Das ist aber absolut ok und ich versuche weder dranzubleiben, noch bin ich demotiviert. Ich trabe einfach in meiner Geschwindigkeit weiter und finde es einfach super cool, dass ich tatsächlich auf dem besten Weg bin einen Halbmarathon zu laufen. Mein letzter Halbmarathon war während dem IRONMAN 70.3 Kraichgau 2016. Ich habe zahlreiche Gehpausen gemacht, weil mein Knie immer mehr angeschwollen ist. Heute trage ich die Bandage und mein Knie ziept noch nicht mal. Das hätte der Arzt damals, als ich die Bandage bekommen habe, auch nicht gedacht. 

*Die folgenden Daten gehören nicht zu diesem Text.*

lemma class_cover_by_prime_squares:
  fixes B :: "nat set" and mp :: "nat \<Rightarrow> nat" and x :: real
  assumes "large_prime_square_sums B" and "\<forall>n\<in>B. 1 \<le> n \<and> real n \<le> x"
    and witness: "\<And>p. prime p \<Longrightarrow> 5 \<le> p \<Longrightarrow> mp p \<in> B \<and> \<not> p^2 dvd mp p"
    and "n \<in> B"
  shows "prime_square_cover (nat \<lfloor>sqrt (2 * x)\<rfloor>) mp n"
proof -
  have n: "1 \<le> n" "real n \<le> x" using assms(2,4) by auto
  obtain p where p: "prime p" "5 \<le> p" "p^2 dvd n + n"
    using assms(1,4) unfolding large_prime_square_sums_def by blast
  then have pn: "p^2 dvd n" using prime_square_dvd_double[of p n] by (simp add: mult_2)
  have m: "mp p \<in> B" "\<not> p^2 dvd mp p" using witness p by auto
  obtain q where q: "prime q" "5 \<le> q" "q^2 dvd n + mp p"
    using assms(1,4) m(1) unfolding large_prime_square_sums_def by blast
  have "q \<noteq> p" using pn q(3) m(2) dvd_add_right_iff by blast
  moreover have "real (n + mp p) \<le> 2 * x" using n assms(2) m(1) by auto
  then have "q \<le> nat \<lfloor>sqrt (2 * x)\<rfloor>" using q(3) n(1) square_divisor_le_sqrt by simp
  moreover have "p \<le> nat \<lfloor>sqrt (2 * x)\<rfloor>"
    using pn n square_divisor_le_sqrt[of p n "2 * x"] by simp
  ultimately show ?thesis using p(1,2) pn q unfolding prime_square_cover_def by blast
qed

lemma card_atMost_subset_le:
  fixes S :: "nat set" and L :: nat
  assumes "S \<subseteq> {..L}"
  shows "real (card S) \<le> real L + 1"
proof -
  have "card S \<le> card {..L}" using assms by (intro card_mono) auto
  then show ?thesis by simp
qed

text \<open>Pairs of distinct primes 5 \<le> p \<le> K and 5 \<le> q \<le> L: the classes modulo 36 p^2 q^2 have
  total density at most (1/8)^2 / 36 = 1/2304, plus one element of rounding per pair.\<close>

lemma sum_two_prime_square_classes:
  fixes B :: "nat set" and K L a :: nat and mp :: "nat \<Rightarrow> nat" and x :: real
  assumes "x \<ge> 0" and B: "\<forall>n\<in>B. real n \<le> x \<and> n mod 36 = a"
  shows "(\<Sum>p\<in>{p. prime p \<and> 5 \<le> p \<and> p \<le> K}. \<Sum>q\<in>{q. prime q \<and> 5 \<le> q \<and> q \<le> L \<and> q \<noteq> p}.
            real (card {n\<in>B. p^2 dvd n \<and> q^2 dvd n + mp p}))
         \<le> x / 2304 + (real K + 1) * (real L + 1)"
proof -
  define I1 where "I1 = {p. prime p \<and> 5 \<le> p \<and> p \<le> K}"
  define I2 where "I2 p = {q. prime q \<and> 5 \<le> q \<and> q \<le> L \<and> q \<noteq> p}" for p
  define C where "C p q = {n\<in>B. p^2 dvd n \<and> q^2 dvd n + mp p}" for p q
  have I1_sub: "I1 \<subseteq> {..K}" and I2_sub: "I2 p \<subseteq> {..L}" for p
    by (auto simp: I1_def I2_def)
  then have fin: "finite I1" "finite (I2 p)" for p by (auto intro: finite_subset)
  have inner: "(\<Sum>q\<in>I2 p. real (card (C p q))) \<le> x / 36 / (real p)^2 / 8 + (real L + 1)"
    if "p \<in> I1" for p
  proof -
    have "(\<Sum>q\<in>I2 p. real (card (C p q)))
        \<le> x / 36 / (real p)^2 * (\<Sum>q\<in>I2 p. 1 / (real q)^2) + 1 * real (card (I2 p))"
    proof (rule sum_bounded_by_inverse_squares)
      fix q assume "q \<in> I2 p"
      then show "real (card (C p q)) \<le> x / 36 / (real p)^2 / (real q)^2 + 1"
        using that card_two_prime_squares_class[where m = "mp p", OF _ _ _ _ _ assms(1) B]
        by (auto simp: I1_def I2_def C_def)
    qed (use assms(1) fin in simp_all)
    also have "\<dots> \<le> x / 36 / (real p)^2 * (1 / 8) + (real L + 1)"
      using assms(1) fin sum_inverse_squares_large_primes[of "I2 p"]
        card_atMost_subset_le[OF I2_sub]
      by (intro add_mono mult_left_mono) (auto simp: I2_def)
    finally show ?thesis by simp
  qed
  have "(\<Sum>p\<in>I1. \<Sum>q\<in>I2 p. real (card (C p q)))
      \<le> x / 288 * (\<Sum>p\<in>I1. 1 / (real p)^2) + (real L + 1) * real (card I1)"
    using inner assms(1) fin by (intro sum_bounded_by_inverse_squares) auto
  also have "\<dots> \<le> x / 288 * (1 / 8) + (real L + 1) * (real K + 1)"
    using assms(1) fin sum_inverse_squares_large_primes[of I1] card_atMost_subset_le[OF I1_sub]
    by (intro add_mono mult_left_mono) (auto simp: I1_def)
  finally show ?thesis by (simp add: I1_def I2_def C_def mult.commute)
qed

lemma sum_prime_square_classes_tail:
  fixes B :: "nat set" and K L a :: nat and x :: real
  assumes "x \<ge> 0" and "1 \<le> K" and B: "\<forall>n\<in>B. real n \<le> x \<and> n mod 36 = a"
  shows "(\<Sum>p\<in>{p. prime p \<and> 5 \<le> p \<and> K < p \<and> p \<le> L}. real (card {n\<in>B. p^2 dvd n}))
         \<le> x / (36 * real K) + (real L + 1)"
proof -
  define I where "I = {p. prime p \<and> 5 \<le> p \<and> K < p \<and> p \<le> L}"
  have I_sub: "I \<subseteq> {..L}" by (auto simp: I_def)
  then have fin: "finite I" by (rule finite_subset) simp
  have "(\<Sum>p\<in>I. real (card {n\<in>B. p^2 dvd n}))
      \<le> x / 36 * (\<Sum>p\<in>I. 1 / (real p)^2) + 1 * real (card I)"
    using assms(1) B fin card_prime_square_class
    by (intro sum_bounded_by_inverse_squares) (auto simp: I_def)
  also have "\<dots> \<le> x / 36 * (1 / real K) + (real L + 1)"
  proof (intro add_mono mult_left_mono)
    show "(\<Sum>p\<in>I. 1 / (real p)^2) \<le> 1 / real K"
      using assms(2) fin by (intro sum_inverse_squares_tail) (auto simp: I_def)
    show "1 * real (card I) \<le> real L + 1" using card_atMost_subset_le[OF I_sub] by simp
  qed (use assms(1) in simp)
  finally show ?thesis by (simp add: I_def)
qed

text \<open>Counting a covered class: n with p \<le> K lies in one of the classes modulo 36 p^2 q^2,
  n with p > K in one of the classes modulo 36 p^2.\<close>

lemma card_covered_class:
  fixes B :: "nat set" and K L a :: nat and mp :: "nat \<Rightarrow> nat" and x :: real
  assumes "x \<ge> 0" and "1 \<le> K" and B: "\<forall>n\<in>B. real n \<le> x \<and> n mod 36 = a"
    and cover: "\<forall>n\<in>B. prime_square_cover L mp n"
  shows "real (card B) \<le> x / 2304 + x / (36 * real K) + (real K + 2) * (real L + 1)"
proof -
  define I1 where "I1 = {p. prime p \<and> 5 \<le> p \<and> p \<le> K}"
  define I2 where "I2 p = {q. prime q \<and> 5 \<le> q \<and> q \<le> L \<and> q \<noteq> p}" for p
  define I3 where "I3 = {p. prime p \<and> 5 \<le> p \<and> K < p \<and> p \<le> L}"
  define C where "C p q = {n\<in>B. p^2 dvd n \<and> q^2 dvd n + mp p}" for p q
  define E where "E p = {n\<in>B. p^2 dvd n}" for p
  have fin: "finite I1" "finite (I2 p)" "finite I3" for p
    by (auto simp: I1_def I2_def I3_def intro: finite_subset[of _ "{..max K L}"])
  let ?U = "(\<Union>p\<in>I1. \<Union>q\<in>I2 p. C p q) \<union> (\<Union>p\<in>I3. E p)"
  have "B \<subseteq> ?U"
  proof
    fix n assume "n \<in> B"
    then obtain p q where "prime p" "5 \<le> p" "p \<le> L" "p^2 dvd n"
        "prime q" "5 \<le> q" "q \<le> L" "q \<noteq> p" "q^2 dvd n + mp p"
      using cover unfolding prime_square_cover_def by blast
    with \<open>n \<in> B\<close> show "n \<in> ?U"
      by (cases "p \<le> K") (auto simp: I1_def I2_def I3_def C_def E_def)
  qed
  moreover have "?U \<subseteq> B" by (auto simp: C_def E_def)
  ultimately have "card B = card ?U" by (metis subset_antisym)
  also have "\<dots> \<le> card (\<Union>p\<in>I1. \<Union>q\<in>I2 p. C p q) + card (\<Union>p\<in>I3. E p)"
    by (rule card_Un_le)
  also have "\<dots> \<le> (\<Sum>p\<in>I1. \<Sum>q\<in>I2 p. card (C p q)) + (\<Sum>p\<in>I3. card (E p))"
    by (intro add_mono order_trans[OF card_UN_le] sum_mono card_UN_le) (simp_all add: fin)
  finally have "real (card B) \<le>
      real ((\<Sum>p\<in>I1. \<Sum>q\<in>I2 p. card (C p q)) + (\<Sum>p\<in>I3. card (E p)))"
    by (rule of_nat_mono)
  also have "\<dots> \<le> (x / 2304 + (real K + 1) * (real L + 1)) + (x / (36 * real K) + (real L + 1))"
    using sum_two_prime_square_classes[where K = K and L = L and mp = mp, OF assms(1) B]
      sum_prime_square_classes_tail[where L = L, OF assms(1,2) B]
    by (simp add: of_nat_sum I1_def I2_def I3_def C_def E_def)
  finally show ?thesis by (simp add: algebra_simps)
qed

section \<open>The density bound\<close>

text \<open>The class count is at most the larger of the two case bounds: either one prime square
  divides every element, or witnesses m_p exist and the covering argument applies.\<close>

lemma class_count_bound:
  fixes A :: "nat set" and a K :: nat and x \<epsilon> :: real
  assumes "standing \<epsilon> x A" and "(2 * a) mod 36 \<notin> Qres" and "x \<ge> 0" and "1 \<le> K"
  shows "real (card {n\<in>A. n mod 36 = a})
    \<le> max (x / 900 + 1) (x / 2304 + x / (36 * real K) + (real K + 2) * (sqrt (2 * x) + 1))"
proof -
  define B where "B = {n\<in>A. n mod 36 = a}"
  have Bx: "\<forall>n\<in>B. 1 \<le> n \<and> real n \<le> x \<and> n mod 36 = a"
    using assms(1) by (auto simp: standing_def B_def)
  have sums: "large_prime_square_sums B"
    using standing_class_large_prime_square_sums[OF assms(1,2)] by (simp add: B_def)
  show ?thesis
  proof (cases "\<exists>p. prime p \<and> 5 \<le> p \<and> (\<forall>n\<in>B. p^2 dvd n)")
    case True
    then obtain p where p: "prime p" "5 \<le> p" "\<forall>n\<in>B. p^2 dvd n" by blast
    have "{n\<in>B. p^2 dvd n} = B" using p(3) by auto
    then have "real (card B) \<le> x / 36 / (real p)^2 + 1"
      using card_prime_square_class[OF p(1,2) assms(3), of B a] Bx by simp
    also have "x / 36 / (real p)^2 \<le> x / 36 / 25"
      using p(2) assms(3) power_mono[of 5 "real p" 2] by (intro divide_left_mono) auto
    finally show ?thesis by (simp add: B_def)
  next
    case False
    then obtain mp where mp: "\<And>p. prime p \<Longrightarrow> 5 \<le> p \<Longrightarrow> mp p \<in> B \<and> \<not> p^2 dvd mp p"
      by metis
    have "real (card B)
        \<le> x / 2304 + x / (36 * real K) + (real K + 2) * (real (nat \<lfloor>sqrt (2 * x)\<rfloor>) + 1)"
      using assms(3,4) Bx class_cover_by_prime_squares[OF sums _ mp, of x]
      by (intro card_covered_class) auto
    also have "\<dots> \<le> x / 2304 + x / (36 * real K) + (real K + 2) * (sqrt (2 * x) + 1)"
    proof -
      have "real (nat \<lfloor>sqrt (2 * x)\<rfloor>) \<le> sqrt (2 * x)" using assms(3) by simp
      then have "(real K + 2) * (real (nat \<lfloor>sqrt (2 * x)\<rfloor>) + 1)
          \<le> (real K + 2) * (sqrt (2 * x) + 1)" by (intro mult_left_mono) auto
      then show ?thesis by linarith
    qed
    finally show ?thesis by (simp add: B_def)
  qed
qed

lemma sqrt_error_le:
  fixes c \<eta> x :: real
  assumes "0 \<le> c" and "0 < \<eta>" and "1 \<le> x" and "(c / \<eta>)^2 \<le> x"
  shows "c * (sqrt (2 * x) + 1) \<le> 3 * \<eta> * x"
proof -
  have "sqrt 2 \<le> 2" by (rule real_le_lsqrt) auto
  then have "sqrt 2 * sqrt x \<le> 2 * sqrt x" by (rule mult_right_mono) (use assms(3) in simp)
  moreover have "1 \<le> sqrt x" using assms(3) by simp
  moreover have "sqrt (2 * x) = sqrt 2 * sqrt x" by (rule real_sqrt_mult)
  ultimately have "sqrt (2 * x) + 1 \<le> 3 * sqrt x" by linarith
  moreover have "c \<le> \<eta> * sqrt x"
    using real_le_rsqrt[OF assms(4)] assms(2) by (simp add: field_simps)
  moreover have "0 \<le> sqrt (2 * x)" using assms(3) by simp
  ultimately have "c * (sqrt (2 * x) + 1) \<le> \<eta> * sqrt x * (3 * sqrt x)"
    using assms(1) by (intro mult_mono) auto
  also have "\<dots> = 3 * \<eta> * x" using assms(3) by simp
  finally show ?thesis .
qed

lemma nat_ceiling_reciprocal:
  fixes t :: real
  assumes "0 < t"
  shows "1 \<le> nat \<lceil>1 / t\<rceil>" and "1 / real (nat \<lceil>1 / t\<rceil>) \<le> t"
proof -
  have ge: "1 / t \<le> real (nat \<lceil>1 / t\<rceil>)" by (rule real_nat_ceiling_ge)
  have pos: "0 < 1 / t" using assms by simp
  then show "1 \<le> nat \<lceil>1 / t\<rceil>" using ge by linarith
  have "1 / real (nat \<lceil>1 / t\<rceil>) \<le> 1 / (1 / t)" using pos ge by (intro frac_le) auto
  then show "1 / real (nat \<lceil>1 / t\<rceil>) \<le> t" by simp
qed

theorem lemma5:
  fixes \<epsilon> \<eta> :: real
  assumes "\<epsilon> > 0" and "\<eta> > 0"
  shows "\<exists>X. \<forall>x\<ge>X. \<forall>A. standing \<epsilon> x A \<longrightarrow>
           (\<forall>a<36. (2 * a) mod 36 \<notin> Qres \<longrightarrow> delta_res A x a \<le> 0.04 + \<eta>)"
proof -
  define K where "K = nat \<lceil>1 / (\<eta> / 2)\<rceil>"
  have K: "1 \<le> K" "1 / real K \<le> \<eta> / 2"
    using nat_ceiling_reciprocal[of "\<eta> / 2"] assms(2) by (simp_all add: K_def)
  define X where "X = max 1 (max (36 / \<eta>) (((real K + 2) / (\<eta> / 216))^2))"
  show ?thesis
  proof (intro exI[of _ X] allI impI)
    fix x A a
    assume "X \<le> x" and st: "standing \<epsilon> x A" and "a < 36" and a: "(2 * a) mod 36 \<notin> Qres"
    then have x: "1 \<le> x" "36 / \<eta> \<le> x" "((real K + 2) / (\<eta> / 216))^2 \<le> x"
      by (auto simp: X_def)
    have "1 \<le> \<eta> * x / 36" using x(2) assms(2) by (simp add: field_simps)
    then have common_square: "x / 900 + 1 \<le> x / 900 + \<eta> * x / 36" by linarith
    have "(real K + 2) * (sqrt (2 * x) + 1) \<le> \<eta> * x / 72"
      using sqrt_error_le[OF _ _ x(1) x(3)] assms(2) by simp
    moreover have "x / (36 * real K) \<le> \<eta> * x / 72"
      using mult_left_mono[OF K(2), of "x / 36"] x(1) by (simp add: mult.commute)
    ultimately have covered: "x / 2304 + x / (36 * real K) + (real K + 2) * (sqrt (2 * x) + 1)
        \<le> x / 900 + \<eta> * x / 36"
      using x(1) by linarith
    have "real (card {n\<in>A. n mod 36 = a}) \<le> x / 900 + \<eta> * x / 36"
      using class_count_bound[OF st a _ K(1)] x(1) common_square covered by simp
    then show "delta_res A x a \<le> 0.04 + \<eta>"
      using x(1) by (simp add: delta_res_def field_simps)
  qed
qed

end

Natürlich werde ich zum Ende der Distanz langsamer, aber ich trabe noch. Ich muss ein paar mal bei diesem Lauf anhalten und Nachsprühen. So eine Dauerbelastung beim Laufen ist halt doch etwas anderes für meine Lunge, als eine Runde auf dem Fahrrad. Da ich aber heute nicht um eine Bestzeit kämpfe und auch nicht zu einer bestimmten Zeit im Ziel sein muss, weil ich erwartet werde, ist eine Pause mehr oder weniger absolut egal. Ich bin übrigens auch schon in Ziele eingelaufen, die bereits abgebaut wurden, weil der Veranstalter nicht erwartet hat, dass wirklich noch jemand auf der Strecke unterwegs ist. Bei Laufwettkämpfen ist das offensichtlich möglich. 

Ich laufe heute tatsächlich einen Halbmarathon. Das ganze geheime Tapering und die Schonung über die Woche mit der Lauf ABC Mobilisation hat ihr übrigens getan. Klar bin ich jetzt ganz schön geschafft. Das war anstrengend. Nicht nur für meine Beine, sondern für meinen ganzen Körper. Ich habe die Kopfhörer nicht genutzt, weil ich keinerlei Ablenkung gebraucht habe. Die Welt war Zeitvertreib genug. Etwas mehr zu trinken wäre cool gewesen, aber vielleicht nur ein Schluck. Und im Grunde habe ich einfach gleich im Ziel daheim ordentlich getrunken und auch etwas gegessen, noch ehe ich mich um die wohlverdiente Dusche und die Muskulatur gekümmert habe.